Why agreeing on fair market value is not enough — and what PE funds and strategic acquirers are really checking before they sign
Most sellers assume the hard part of a transaction is agreeing on price. If both sides can converge on a fair market value, the deal should close. In practice, that is often where the real analysis begins — not where it ends. Whether your buyer is a private equity fund or a strategic acquirer, they are not just asking whether the price is fair. They are asking whether the acquisition, at that price, will generate adequate returns on the capital deployed. These are two entirely different questions, and the answer to the second one kills more deals than the answer to the first.
When a mature business with stable, visible earnings sits across the table from a strategic acquirer in the same sector, there is usually less disagreement on intrinsic value than people assume. Both sides understand the business model. Both have a view on the market.

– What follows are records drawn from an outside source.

(* Let $\hat U_i=\mathrm{sign}(Y_i-\hat Q(X_i))$. Then $$\hat\psi_{\mathrm T}^+\le\frac{\mathbb P_n(Y-\hat Q(X))Z\big(1+\Lambda^{\hat U}(1-\hat e(X))/\hat e(X)\big)+\mathbb P_n\hat Q(X)Z/\hat e(X)}{\mathbb P_nZ/\hat e(X)}.$$
   Context: Data $(X_i,Y_i,Z_i)_{i\le n}$; $\mathbb P_n f=\frac1n\sum_if(X_i,Y_i,Z_i)$; $\Lambda\ge1$, $\tau=\Lambda/(\Lambda+1)$; $\hat e(X_i)\in(0,1)$ for all $i$; $\hat Q:\mathcal X\to\mathbb R$ is an estimate of the conditional $\tau$-quantile of $Y$ given $X$ and $Z=1$; $\mathrm{sign}(0)=0$. $\mathcal E_n(\Lambda)=\{\bar e\in\mathbb R^n:\Lambda^{-1}\le\frac{\bar e_i/(1-\bar e_i)}{\hat e(X_i)/(1-\hat e(X_i))}\le\Lambda\ \forall i\}$, and $\hat\psi_{\mathrm T}^+=\max_{\bar e\in\mathcal E_n(\Lambda)}\frac{\sum_iY_iZ_i/\bar e_i}{\sum_iZ_i/\bar e_i}$ subject to $\frac1n\sum_i\hat Q(X_i)Z_i/\bar e_i=\frac1n\sum_i\hat Q(X_i)Z_i/\hat e(X_i)$ and $\frac1n\sum_iZ_i/\bar e_i=\frac1n\sum_iZ_i/\hat e(X_i)$. *)

theory Defs
  imports Complex_Main
begin

definition Pn :: "nat \<Rightarrow> (nat \<Rightarrow> real) \<Rightarrow> real" where
  "Pn n f = (\<Sum>i<n. f i) / real n"

definition En :: "nat \<Rightarrow> real \<Rightarrow> (nat \<Rightarrow> real) \<Rightarrow> (nat \<Rightarrow> real) set" where
  "En n Lam eh = {eb. \<forall>i<n.
      inverse Lam \<le> (eb i / (1 - eb i)) / (eh i / (1 - eh i)) \<and>
      (eb i / (1 - eb i)) / (eh i / (1 - eh i)) \<le> Lam}"

text \<open>Feasible set of the optimisation problem defining psi_T^+ (eh i = ehat(X_i), q i = Qhat(X_i)).\<close>
definition feasT :: "nat \<Rightarrow> real \<Rightarrow> (nat \<Rightarrow> real) \<Rightarrow> (nat \<Rightarrow> real) \<Rightarrow> (nat \<Rightarrow> real)
    \<Rightarrow> (nat \<Rightarrow> real) set" where
  "feasT n Lam eh q Z = {eb \<in> En n Lam eh.
      Pn n (\<lambda>i. q i * Z i / eb i) = Pn n (\<lambda>i. q i * Z i / eh i) \<and>
      Pn n (\<lambda>i. Z i / eb i) = Pn n (\<lambda>i. Z i / eh i)}"

definition psiT_plus :: "nat \<Rightarrow> real \<Rightarrow> (nat \<Rightarrow> real) \<Rightarrow> (nat \<Rightarrow> real) \<Rightarrow> (nat \<Rightarrow> real)
    \<Rightarrow> (nat \<Rightarrow> real) \<Rightarrow> real" where
  "psiT_plus n Lam eh q Y Z =
     Sup ((\<lambda>eb. (\<Sum>i<n. Y i * Z i / eb i) / (\<Sum>i<n. Z i / eb i)) ` feasT n Lam eh q Z)"

end

theory Submission
  imports Defs
begin

text \<open>If a feasible propensity e' has odds ratio r relative to e = ehat(X), then
  1/e' = 1 + (1 - e)/(r e) with 1/Lambda <= r <= Lambda. So the residual term (Y - Qhat(X)) Z / e'
  is largest for r = 1/Lambda when the residual is positive and for r = Lambda when it is negative.
  The two moment constraints fix the denominator and the Qhat-part of the numerator, so every
  feasible ratio is bounded by the right-hand side.\<close>

definition odds :: "real \<Rightarrow> real" where
  "odds p = p / (1 - p)"

lemma odds_pos_iff: "0 < odds p \<longleftrightarrow> 0 < p \<and> p < 1"
  unfolding odds_def zero_less_divide_iff by linarith

lemma inverse_eq_one_plus_inverse_odds:
  assumes "0 < p" "p < 1"
  shows "1 / p = 1 + 1 / odds p"
  using assms unfolding odds_def by (simp add: field_simps)

lemma inverse_bounds_of_odds_ratio:
  fixes Lam b e :: real
  assumes Lam: "0 < Lam" and e: "0 < e" "e < 1"
    and lower: "inverse Lam \<le> odds b / odds e" and upper: "odds b / odds e \<le> Lam"
  shows "1 + inverse Lam * ((1 - e) / e) \<le> 1 / b" and "1 / b \<le> 1 + Lam * ((1 - e) / e)"
proof -
  define r where "r = odds b / odds e"
  have odds_e: "0 < odds e" using e by (simp add: odds_pos_iff)
  have r_lower: "inverse Lam \<le> r" and r_upper: "r \<le> Lam" using lower upper by (simp_all add: r_def)
  have r: "0 < r" using r_lower Lam by (meson inverse_positive_iff_positive less_le_trans)
  have "odds b = r * odds e" unfolding r_def using odds_e by simp
  then have "0 < odds b" using r odds_e by simp
  then have "0 < b" "b < 1" by (simp_all add: odds_pos_iff)
  then have inv_b: "1 / b = 1 + inverse r * ((1 - e) / e)"
    using e \<open>odds b = r * odds e\<close>
    by (simp add: inverse_eq_one_plus_inverse_odds) (simp add: odds_def field_simps)
  have c: "0 \<le> (1 - e) / e" using e by simp
  have "inverse Lam \<le> inverse r" using r_upper r by (rule le_imp_inverse_le)
  moreover have "inverse r \<le> Lam"
    using le_imp_inverse_le[OF r_lower] Lam by simp
  ultimately show "1 + inverse Lam * ((1 - e) / e) \<le> 1 / b" and "1 / b \<le> 1 + Lam * ((1 - e) / e)"
    unfolding inv_b using c by (simp_all only: add_left_mono mult_right_mono)
qed

lemma mult_le_sgn_powr_bound:
  fixes Lam c d u w :: real
  assumes Lam: "0 < Lam" and w: "0 \<le> w"
    and lower: "1 + inverse Lam * c \<le> d" and upper: "d \<le> 1 + Lam * c"
  shows "u * w * d \<le> u * w * (1 + Lam powr sgn u * c)"
proof (cases u "0::real" rule: linorder_cases)
  case less
  then have "Lam powr sgn u = inverse Lam" using Lam by (simp add: powr_minus)
  then show ?thesis using less w lower by (simp add: mult_left_mono_neg mult_nonpos_nonneg)
next
  case greater
  then have "Lam powr sgn u = Lam" using Lam by simp
  then show ?thesis using greater w upper by (simp add: mult_left_mono)
qed simp

lemma sum_eq_if_Pn_eq:
  assumes "Pn n f = Pn n g"
  shows "(\<Sum>i<n. f i) = (\<Sum>i<n. g i)"
  using assms unfolding Pn_def by (cases "n = 0") simp_all

lemma Pn_add_divide_Pn:
  "(Pn n f + Pn n g) / Pn n h = (\<Sum>i<n. f i + g i) / (\<Sum>i<n. h i)"
  unfolding Pn_def by (cases "n = 0") (simp_all add: sum.distrib add_divide_distrib[symmetric])

lemma self_mem_feasT:
  assumes "1 \<le> Lam" and "\<forall>i<n. 0 < eh i \<and> eh i < 1"
  shows "eh \<in> feasT n Lam eh q Z"
proof -
  have "inverse Lam \<le> 1" using assms(1) by (simp add: inverse_le_1_iff)
  moreover have "\<forall>i<n. eh i / (1 - eh i) \<noteq> 0" using assms(2) by auto
  ultimately show ?thesis unfolding feasT_def En_def using assms(1) by auto
qed

lemma feasT_ratio_le:
  fixes Lam :: real and eh eb q Y Z :: "nat \<Rightarrow> real"
  assumes Lam: "0 < Lam" and eh: "\<forall>i<n. 0 < eh i \<and> eh i < 1" and Z: "\<forall>i<n. 0 \<le> Z i"
    and eb: "eb \<in> feasT n Lam eh q Z"
  shows "(\<Sum>i<n. Y i * Z i / eb i) / (\<Sum>i<n. Z i / eb i)
    \<le> (\<Sum>i<n. (Y i - q i) * Z i * (1 + Lam powr sgn (Y i - q i) * (1 - eh i) / eh i)
              + q i * Z i / eh i) / (\<Sum>i<n. Z i / eh i)"
proof -
  have q_moment: "(\<Sum>i<n. q i * Z i / eb i) = (\<Sum>i<n. q i * Z i / eh i)"
    and Z_moment: "(\<Sum>i<n. Z i / eb i) = (\<Sum>i<n. Z i / eh i)"
    using eb unfolding feasT_def by (auto intro: sum_eq_if_Pn_eq)
  have residual: "(Y i - q i) * Z i / eb i
      \<le> (Y i - q i) * Z i * (1 + Lam powr sgn (Y i - q i) * (1 - eh i) / eh i)" if "i < n" for i
  proof -
    have "inverse Lam \<le> odds (eb i) / odds (eh i)" "odds (eb i) / odds (eh i) \<le> Lam"
      using eb \<open>i < n\<close> unfolding feasT_def En_def odds_def by auto
    from inverse_bounds_of_odds_ratio[OF Lam _ _ this] have
      "(Y i - q i) * Z i * (1 / eb i)
        \<le> (Y i - q i) * Z i * (1 + Lam powr sgn (Y i - q i) * ((1 - eh i) / eh i))"
      using eh Z \<open>i < n\<close> by (intro mult_le_sgn_powr_bound) (auto simp: Lam)
    then show ?thesis by simp
  qed
  have "(\<Sum>i<n. Y i * Z i / eb i) = (\<Sum>i<n. (Y i - q i) * Z i / eb i + q i * Z i / eb i)"
    by (simp add: add_divide_distrib[symmetric] algebra_simps)
  also have "\<dots> = (\<Sum>i<n. (Y i - q i) * Z i / eb i) + (\<Sum>i<n. q i * Z i / eh i)"
    by (simp add: sum.distrib q_moment)
  also have "\<dots> \<le> (\<Sum>i<n. (Y i - q i) * Z i * (1 + Lam powr sgn (Y i - q i) * (1 - eh i) / eh i)
              + q i * Z i / eh i)"
    by (simp add: sum.distrib) (rule sum_mono, simp add: residual)
  finally show ?thesis
    unfolding Z_moment using eh Z by (intro divide_right_mono sum_nonneg) auto
qed

theorem lemma2:
  fixes n :: nat and X :: "nat \<Rightarrow> 'x" and Y Z :: "nat \<Rightarrow> real"
    and ehat Qhat :: "'x \<Rightarrow> real" and Lam :: real
  assumes "Lam \<ge> 1"
    and "\<forall>i<n. 0 < ehat (X i) \<and> ehat (X i) < 1"
    and "\<forall>i<n. Z i = 0 \<or> Z i = 1"
  shows "psiT_plus n Lam (\<lambda>i. ehat (X i)) (\<lambda>i. Qhat (X i)) Y Z
    \<le> (Pn n (\<lambda>i. (Y i - Qhat (X i)) * Z i *
            (1 + Lam powr (sgn (Y i - Qhat (X i))) * (1 - ehat (X i)) / ehat (X i)))
        + Pn n (\<lambda>i. Qhat (X i) * Z i / ehat (X i)))
       / Pn n (\<lambda>i. Z i / ehat (X i))"
proof -
  have Z: "\<forall>i<n. 0 \<le> Z i" using assms(3) by auto
  have Lam: "0 < Lam" using assms(1) by simp
  show ?thesis
    unfolding psiT_plus_def Pn_add_divide_Pn
    using self_mem_feasT[OF assms(1,2), of "\<lambda>i. Qhat (X i)" Z] feasT_ratio_le[OF Lam assms(2) Z]
    by (intro cSup_least) auto
qed

end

Both can build a DCF and a comparable companies analysis. The target's management knows the company better, but the acquirer's team knows the sector well enough to stress-test every assumption. In these cases — where the P&L reflects the company's full earning potential — the two sides' views on standalone fair market value tend to converge within 10–15% relatively early in the process.
This is an important qualification. When a company's value depends partly on a pre-revenue asset — a pipeline product, an unlaunched technology platform, a pending regulatory approval — the gap between buyer and seller can be enormous. The EBITDA reflects the cost of building the future without any of the revenue it will generate, and two rational parties applying different valuation frameworks to the same asset can reach numbers that are 50% or more apart. That is a different problem, and one that requires a different set of tools to solve — sum-of-the-parts analysis, probability-adjusted DCFs, or earnout structures that defer the disagreement to a future milestone. We wrote about this in detail in When EBITDA Multiples Get It Wrong.
But when both parties agree on what the business is worth — when the valuation conversation has converged — sellers often assume the hard part is over. It is not. That is where a second, less visible filter comes in, and it is the one that kills deals that should otherwise close.
For many mid-market companies in consumer, beauty, and healthcare, the most likely buyer is a private equity fund. And a PE fund that agrees your company is worth EUR 20 million has not decided to pay EUR 20 million. They have decided that the standalone value is defensible at that level. The next question — the one their investment committee actually cares about — is whether acquiring your company at that price will generate the returns their fund needs to deliver to its investors.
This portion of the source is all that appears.